Here’s one for the Annals of Unpublishable Data. I wanted to see if using the unmixing algorithm on data acquired on traditional instruments would help resolving GFP and YFP without using a special filter set. Turns out it doesn’t, and that’s pretty sad. But if you read on, I’ll make it up to you by showing how to use the FlowJo unmixing algorithm on data picked up from a traditional instrument.
GFP and YFP are a pair of fluorescent proteins that some unlucky souls have to deal with within the same animal or cell model. They are best excited by the 488nm laser and emits at roughly the same wavelength so both signals end up in the same detector. If we want to deal with them on a traditional instrument (non-fully full spectral flow cytometer), we’ll get a special filter set to split them apart and send them on their specific merry detectors – say a 525nm LP dichroic, a 510/20 bandpass for GFP, and a 550/30 bandpass for YFP. Look below – it usually looks pretty nice.
It’s a bit of a drag though, the filters are expensive, not everyone has them, and using them sucks the fun out of life.

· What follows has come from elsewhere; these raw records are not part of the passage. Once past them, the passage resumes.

definition monomial_terms :: "nat \<Rightarrow> (nat \<Rightarrow> (nat \<Rightarrow> nat) \<Rightarrow> 'a::zero) \<Rightarrow> (nat \<times> (nat \<Rightarrow> nat)) set" where
  "monomial_terms J f = {(j, \<alpha>). j < J \<and> f j \<alpha> \<noteq> 0}"

lemma finite_monomial_terms:
  assumes "\<forall>j<J. finite {\<alpha>. f j \<alpha> \<noteq> 0}"
  shows "finite (monomial_terms J f)"
proof -
  have "monomial_terms J f = (\<Union>j<J. Pair j ` {\<alpha>. f j \<alpha> \<noteq> 0})" unfolding monomial_terms_def by auto
  thus ?thesis using assms by simp
qed

lemma card_support_le_card_monomial_terms:
  assumes "finite (monomial_terms J f)" "j < J"
  shows "card {\<alpha>. f j \<alpha> \<noteq> 0} \<le> card (monomial_terms J f)"
proof -
  have "card {\<alpha>. f j \<alpha> \<noteq> 0} = card (Pair j ` {\<alpha>. f j \<alpha> \<noteq> 0})" by (simp add: card_image inj_on_def)
  also have "\<dots> \<le> card (monomial_terms J f)"
    using assms by (intro card_mono) (auto simp: monomial_terms_def)
  finally show ?thesis .
qed

lemma exists_rotated_exponents_family:
  fixes f :: "nat \<Rightarrow> (nat \<Rightarrow> nat) \<Rightarrow> 'a::field poly"
  assumes fin: "\<forall>j<J. finite {\<alpha>. f j \<alpha> \<noteq> 0}"
    and deg: "\<forall>j<J. \<forall>\<alpha>. f j \<alpha> \<noteq> 0 \<longrightarrow> degree (f j \<alpha>) < D"
    and "N > 0" "card (monomial_terms J f) * (D + 1) < l"
    and dvd: "\<forall>j<J. rf_dvd (geom_X_sum N l) (eval_Tpow M (f j) x)"
  shows "\<exists>s b. \<forall>j<J. (\<Sum>\<alpha> | f j \<alpha> \<noteq> 0. f j \<alpha> * [:0, 1:] ^ b j \<alpha>) = 0 \<and>
    (\<forall>\<alpha>. f j \<alpha> \<noteq> 0 \<longrightarrow> int (N * l) dvd monomial_exponent M \<alpha> x + s j - int (b j \<alpha>))"
proof -
  have "\<forall>j. \<exists>sb. j < J \<longrightarrow> (\<Sum>\<alpha> | f j \<alpha> \<noteq> 0. f j \<alpha> * [:0, 1:] ^ snd sb \<alpha>) = 0 \<and>
      (\<forall>\<alpha>. f j \<alpha> \<noteq> 0 \<longrightarrow> int (N * l) dvd monomial_exponent M \<alpha> x + fst sb - int (snd sb \<alpha>))"
  proof
    fix j
    show "\<exists>sb. j < J \<longrightarrow> (\<Sum>\<alpha> | f j \<alpha> \<noteq> 0. f j \<alpha> * [:0, 1:] ^ snd sb \<alpha>) = 0 \<and>
      (\<forall>\<alpha>. f j \<alpha> \<noteq> 0 \<longrightarrow> int (N * l) dvd monomial_exponent M \<alpha> x + fst sb - int (snd sb \<alpha>))"
    proof (cases "j < J")
      case True
      have "card {\<alpha>. f j \<alpha> \<noteq> 0} * (D + 1) < l"
        using card_support_le_card_monomial_terms[OF finite_monomial_terms[OF fin] True] assms(4)
        by (meson le_less_trans mult_le_mono1)
      then obtain s b where "(\<Sum>\<alpha> | f j \<alpha> \<noteq> 0. f j \<alpha> * [:0, 1:] ^ b \<alpha>) = 0"
          "\<forall>\<alpha>. f j \<alpha> \<noteq> 0 \<longrightarrow> int (N * l) dvd monomial_exponent M \<alpha> x + s - int (b \<alpha>)"
        using exists_rotated_exponents[of "f j" D N l M x] fin deg dvd assms(3) True by blast
      thus ?thesis by (intro exI[of _ "(s, b)"]) simp
    qed simp
  qed
  then obtain sb where "\<forall>j. j < J \<longrightarrow> (\<Sum>\<alpha> | f j \<alpha> \<noteq> 0. f j \<alpha> * [:0, 1:] ^ snd (sb j) \<alpha>) = 0 \<and>
      (\<forall>\<alpha>. f j \<alpha> \<noteq> 0 \<longrightarrow> int (N * l) dvd monomial_exponent M \<alpha> x + fst (sb j) - int (snd (sb j) \<alpha>))"
    by (rule choice[THEN exE])
  thus ?thesis by (intro exI[of _ "fst \<circ> sb"] exI[of _ "snd \<circ> sb"]) simp
qed
(* Consider the class of greedy MPP strategies defined below. (a) For every integer $\Delta_{in}\ge 2$ and every integer $g\ge 2$ there is a family of DAGs $G_n$ (with $n\to\infty$) of maximum in-degree $\Delta_{in}$, together with $k=2$ and a value of $r$, such that every strategy in the greedy class has cost at least $\bigl(\tfrac15\Delta_{in}-1\bigr)\cdot\mathrm{OPT}$ for all sufficiently large $n$. (b) For every integer $g\ge 2$ there is a family of DAGs $G_n$ (with $n\to\infty$), with $k=2$ and $r\ge n$, such that the ratio between the cost of any strategy in the greedy class and $\mathrm{OPT}$ is at least $1+\tfrac23 g-o(1)$ as $n\to\infty$.
   Context: Multiprocessor red-blue pebbling (MPP). Input: a DAG $G=(V,E)$ with $n=|V|$ and positive integers $k$ (number of processors), $r$ (fast-memory size per processor), $g$ (cost of an I/O step). $\Delta_{in}$ denotes the maximum in-degree of $G$; sources/sinks are nodes of in-degree/out-degree $0$. A configuration is a tuple $(R^1,\dots,R^k,B)$ of subsets of $V$ ($R^j$ = nodes carrying a red pebble of processor $j$, $B$ = nodes carrying a blue pebble); it is valid if $|R^j|\le r$ for all $j$. The initial configuration has all sets empty; a configuration is terminal if every sink lies in $B\cup\bigcup_j R^j$. The transition rules are: (R1) for some $m\le k$, pairwise distinct processors $j_1,\dots,j_m$ and nodes $v_1,\dots,v_m$ with $v_i\in R^{j_i}$, add each $v_i$ to $B$ (cost $g$); (R2) for some $m\le k$, pairwise distinct processors $j_1,\dots,j_m$ and nodes $v_1,\dots,v_m\in B$, add each $v_i$ to $R^{j_i}$ (cost $g$); (R3) for some $m\le k$, pairwise distinct processors $j_1,\dots,j_m$ and nodes $v_1,\dots,v_m$ such that every in-neighbor of $v_i$ lies in $R^{j_i}$, add each $v_i$ to $R^{j_i}$ (cost $1$); (R4) remove a single red or blue pebble (cost $0$). A pebbling strategy is a sequence of valid configurations starting at the initial configuration and ending at a terminal one, each obtained from its predecessor by one rule; its cost is the sum of the costs of the rules applied. $\mathrm{OPT}$ denotes the minimum cost of a pebbling strategy. Applications of (R1),(R2) are called I/O steps and applications of (R3) compute steps. Greedy class: a strategy belongs to the class if it proceeds as follows. First, the processors compute pairwise distinct source nodes in parallel. Afterwards, repeatedly: call a node ready if it has not yet been computed on any processor but all its in-neighbors have been computed on some processor. Each processor $p$ selects as its next-goal node a ready node maximizing the number of in-neighbors carrying a red pebble of $p$ (alternatively: maximizing the fraction of its in-neighbors carrying a red pebble of $p$; source nodes may be assigned fraction $0$ or $1$), with ties broken arbitrarily and distinct processors choosing distinct nodes (if two processors would choose the same node, it is given to one of them and the other chooses among the remaining ready nodes by the same rule). The processors then compute their next-goal nodes in a common (R3) step; before that step they may perform any I/O steps, deletions, and recomputations of nodes previously computed on the same processor. The only new nodes ever computed by a processor are its next-goal nodes. *)

theory Defs
  imports Complex_Main
begin

definition in_nbrs :: "('v \<times> 'v) set \<Rightarrow> 'v \<Rightarrow> 'v set" where
  "in_nbrs E v = {u. (u, v) \<in> E}"

definition is_dag :: "'v set \<Rightarrow> ('v \<times> 'v) set \<Rightarrow> bool" where
  "is_dag V E \<longleftrightarrow> finite V \<and> E \<subseteq> V \<times> V \<and> acyclic E"

definition max_indeg :: "'v set \<Rightarrow> ('v \<times> 'v) set \<Rightarrow> nat" where
  "max_indeg V E = Max ((\<lambda>v. card (in_nbrs E v)) ` V)"

definition is_sink :: "'v set \<Rightarrow> ('v \<times> 'v) set \<Rightarrow> 'v \<Rightarrow> bool" where
  "is_sink V E v \<longleftrightarrow> v \<in> V \<and> {w. (v, w) \<in> E} = {}"
lemma integral_eq_0_if_odd:
  fixes g :: "(nat \<Rightarrow> nat \<Rightarrow> complex) \<Rightarrow> real"
  assumes "unitary_cmat N V" "g \<in> borel_measurable borel" "\<And>U. g (cmat_mult N V U) = - g U"
  shows "(\<integral>U. g U \<partial>Q) = 0"
  using integral_left_mult_invariant[OF assms(1,2)] by (simp add: assms(3))

lemma integrable_if_bounded_on_unitary:
  fixes g :: "(nat \<Rightarrow> nat \<Rightarrow> complex) \<Rightarrow> real"
  assumes "g \<in> borel_measurable borel" "\<And>U. unitary_cmat N U \<Longrightarrow> \<bar>g U\<bar> \<le> B"
  shows "integrable Q g"
  using AE_unitary assms
  by (intro integrable_const_bound[where B=B] measurable_borel) (auto elim!: eventually_mono)

lemma integrable_Re_mult_cnj_conj_diag:
  "integrable Q (\<lambda>U. Re (conj_diag N U lam a b * cnj (conj_diag N U lam a' b')))"
proof (rule integrable_if_bounded_on_unitary)
  fix U assume "unitary_cmat N U"
  then have "cmod (conj_diag N U lam a b) * cmod (conj_diag N U lam a' b')
      \<le> (\<Sum>p<N. \<bar>lam p\<bar>) * (\<Sum>p<N. \<bar>lam p\<bar>)"
    by (intro mult_mono norm_conj_diag_le) auto
  then show "\<bar>Re (conj_diag N U lam a b * cnj (conj_diag N U lam a' b'))\<bar> \<le> (\<Sum>p<N. \<bar>lam p\<bar>) * (\<Sum>p<N. \<bar>lam p\<bar>)"
    by (intro order_trans[OF abs_Re_le_cmod]) (simp add: norm_mult)
qed simp
lemma spline_0_diff:
  assumes "spline k 0 M x v" "spline k 0 M x w"
  shows "spline k 0 M x (\<lambda>t. v t - w t)"
proof -
  have "pw_poly k M x (\<lambda>t. v t - w t)"
    unfolding pw_poly_def
  proof
    fix i assume i: "i \<in> {1..M}"
    have "pw_poly k M x v" "pw_poly k M x w" using assms unfolding spline_def by auto
    note pv = elem_poly_spec[OF this(1) i] and pw = elem_poly_spec[OF this(2) i]
    show "\<exists>p. degree p \<le> k \<and> (\<forall>t\<in>{x (i - 1)..x i}. v t - w t = poly p t)"
      using pv pw by (intro exI[of _ "elem_poly k v i - elem_poly k w i"])
        (auto intro: order_trans[OF degree_diff_le])
  qed
  then show ?thesis using assms unfolding spline_def by (auto intro: continuous_intros)
qed

lemma spline_0_continuous: "spline k 0 M x v \<Longrightarrow> continuous_on {a..b} v"
  unfolding spline_def by simp

lemma spline_2_0_on_element:
  assumes "spline 2 0 M x lam" "i \<in> {1..M}" "t \<in> {x (i - 1)..x i}"
  shows "lam t = quad_ref (lam (x (i - 1))) (lam (midpt i)) (lam (x i)) ((t - x (i - 1)) / width i)"
proof -
  have "pw_poly 2 M x lam" using assms(1) unfolding spline_def by auto
  note p = elem_poly_spec[OF this assms(2)]
  have "x (i - 1) \<noteq> x i" using node_less_next[OF assms(2)] by simp
  from poly_eq_quad_ref[OF p(1) this, of t] show ?thesis
    using p(2) assms(3) midpt_in_element[OF assms(2)] node_less_next[OF assms(2)]
    unfolding midpt_def width_def by simp
qed

lemma spline_1_derivative:
  assumes "spline k 1 M x v"
  obtains D where "\<And>t. t \<in> {a..b} \<Longrightarrow> (v has_real_derivative D t) (at t within {a..b})"
    "continuous_on {a..b} D"
proof -
  from assms obtain D where "\<forall>t\<in>{a..b}. (v has_real_derivative D t) (at t within {a..b})"
    "continuous_on {a..b} D" unfolding spline_def C1_on_def by auto
  with that show thesis by blast
qed

lemma Dv_eqI:
  assumes "(v has_real_derivative D) (at t within {a..b})" "t \<in> {a..b}"
  shows "Dv a b v t = D"
  using assms left_less_right vector_derivative_within_cbox[of a b t v D]
  unfolding Dv_def by (simp add: has_real_derivative_iff_has_vector_derivative)

lemma spline_1_has_derivative_Dv:
  assumes "spline k 1 M x v" "t \<in> {a..b}"
  shows "(v has_real_derivative Dv a b v t) (at t within {a..b})"
  using spline_1_derivative[OF assms(1)] Dv_eqI assms(2) by metis

lemma continuous_on_Dv:
  assumes "spline k 1 M x v"
  shows "continuous_on {a..b} (Dv a b v)"
proof -
  obtain D where D: "\<And>t. t \<in> {a..b} \<Longrightarrow> (v has_real_derivative D t) (at t within {a..b})"
    "continuous_on {a..b} D" using spline_1_derivative[OF assms] by blast
  show ?thesis using D(2) by (rule continuous_on_eq) (use Dv_eqI[OF D(1)] in auto)
qed

lemma spline_1_continuous:
  assumes "spline k 1 M x v"
  shows "continuous_on {a..b} v"
  using spline_1_has_derivative_Dv[OF assms] by (rule DERIV_continuous_on)

lemma Dv_diff:
  assumes "spline k 1 M x v" "spline l 1 M x w" "t \<in> {a..b}"
  shows "Dv a b (\<lambda>t. v t - w t) t = Dv a b v t - Dv a b w t"
  using assms by (intro Dv_eqI DERIV_diff spline_1_has_derivative_Dv)

lemma Dv_on_element:
  assumes "spline k 1 M x v" "i \<in> {1..M}" "t \<in> {x (i - 1)..x i}"
  shows "Dv a b v t = poly (pderiv (elem_poly k v i)) t"
proof -
  have "pw_poly k M x v" using assms(1) unfolding spline_def by auto
  note p = elem_poly_spec[OF this assms(2)]
  have "t \<in> {a..b}" using element_subset[OF assms(2)] assms(3) by auto
  then have "(v has_real_derivative Dv a b v t) (at t within {x (i - 1)..x i})"
    using spline_1_has_derivative_Dv[OF assms(1)] element_subset[OF assms(2)] by (blast intro: DERIV_subset)
  then have "(poly (elem_poly k v i) has_real_derivative Dv a b v t) (at t within {x (i - 1)..x i})"
    by (rule has_field_derivative_transform_within[where d = 1]) (use assms(3) p(2) in auto)
  moreover have "(poly (elem_poly k v i) has_real_derivative poly (pderiv (elem_poly k v i)) t)
      (at t within {x (i - 1)..x i})"
    by (rule has_field_derivative_at_within[OF poly_DERIV])
  ultimately show ?thesis
    using node_less_next[OF assms(2)] assms(3) vector_derivative_within_cbox
    by (metis cbox_interval has_real_derivative_iff_has_vector_derivative)
qed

No wonder several researchers tried to use specific properties of these two fluorescent proteins to separate the signals some other way. Marcus and Raulet suggested using the emission of GFP when excited by the violet laser with acceptable results. It wasn’t great to separate cells coexpressing both molecules, but did nicely enough for single expression.
The question I had was wether unmixing would improve the resolution of these molecules. So tested it out with two cell lines expressing both GFP and YFG (at very high levels) and ran those on a 4 laser Fortessa. All detectors were used to measure the signals. We measured GFP and YFP first with the special filter set described above, where both GFP and YFP are excited by the blue laser line. The second data set was collected using the baseline filter configuration (see here), and GFP was picked up from the violet laser 525/50BP, and YFP form the 488nm laser 530/30BP. This second data set was analyzed first with compensation between the two detectors used for GFP and YFP, then using the FlowJo unmixing algorithm.
As you can see, the tested and true GFP/YFP filter set provides the best resolution between the two populations. Unmixing allows us to somewhat better separate the cells coexpressing GFP and YFG from single expression counterparts, but it’s nothing I’ll call my mother about.
Of course, unmixing on an actual flow cytometer optimized for spectral flow rules. Unmixing looks clunky here because the cells are hyper bright and controls may have been off a bit.
Still, you can check the video on the side to see how you can use the unmixing algorithm on you traditional data. The key thing is to record data from all of your detectors, and removed the unused parameters form the list in FlowJo – that is any detectors that doesn’t not contain a primary peak for your fluorophores.
Thanks to Katerina Cheronis for all the cells!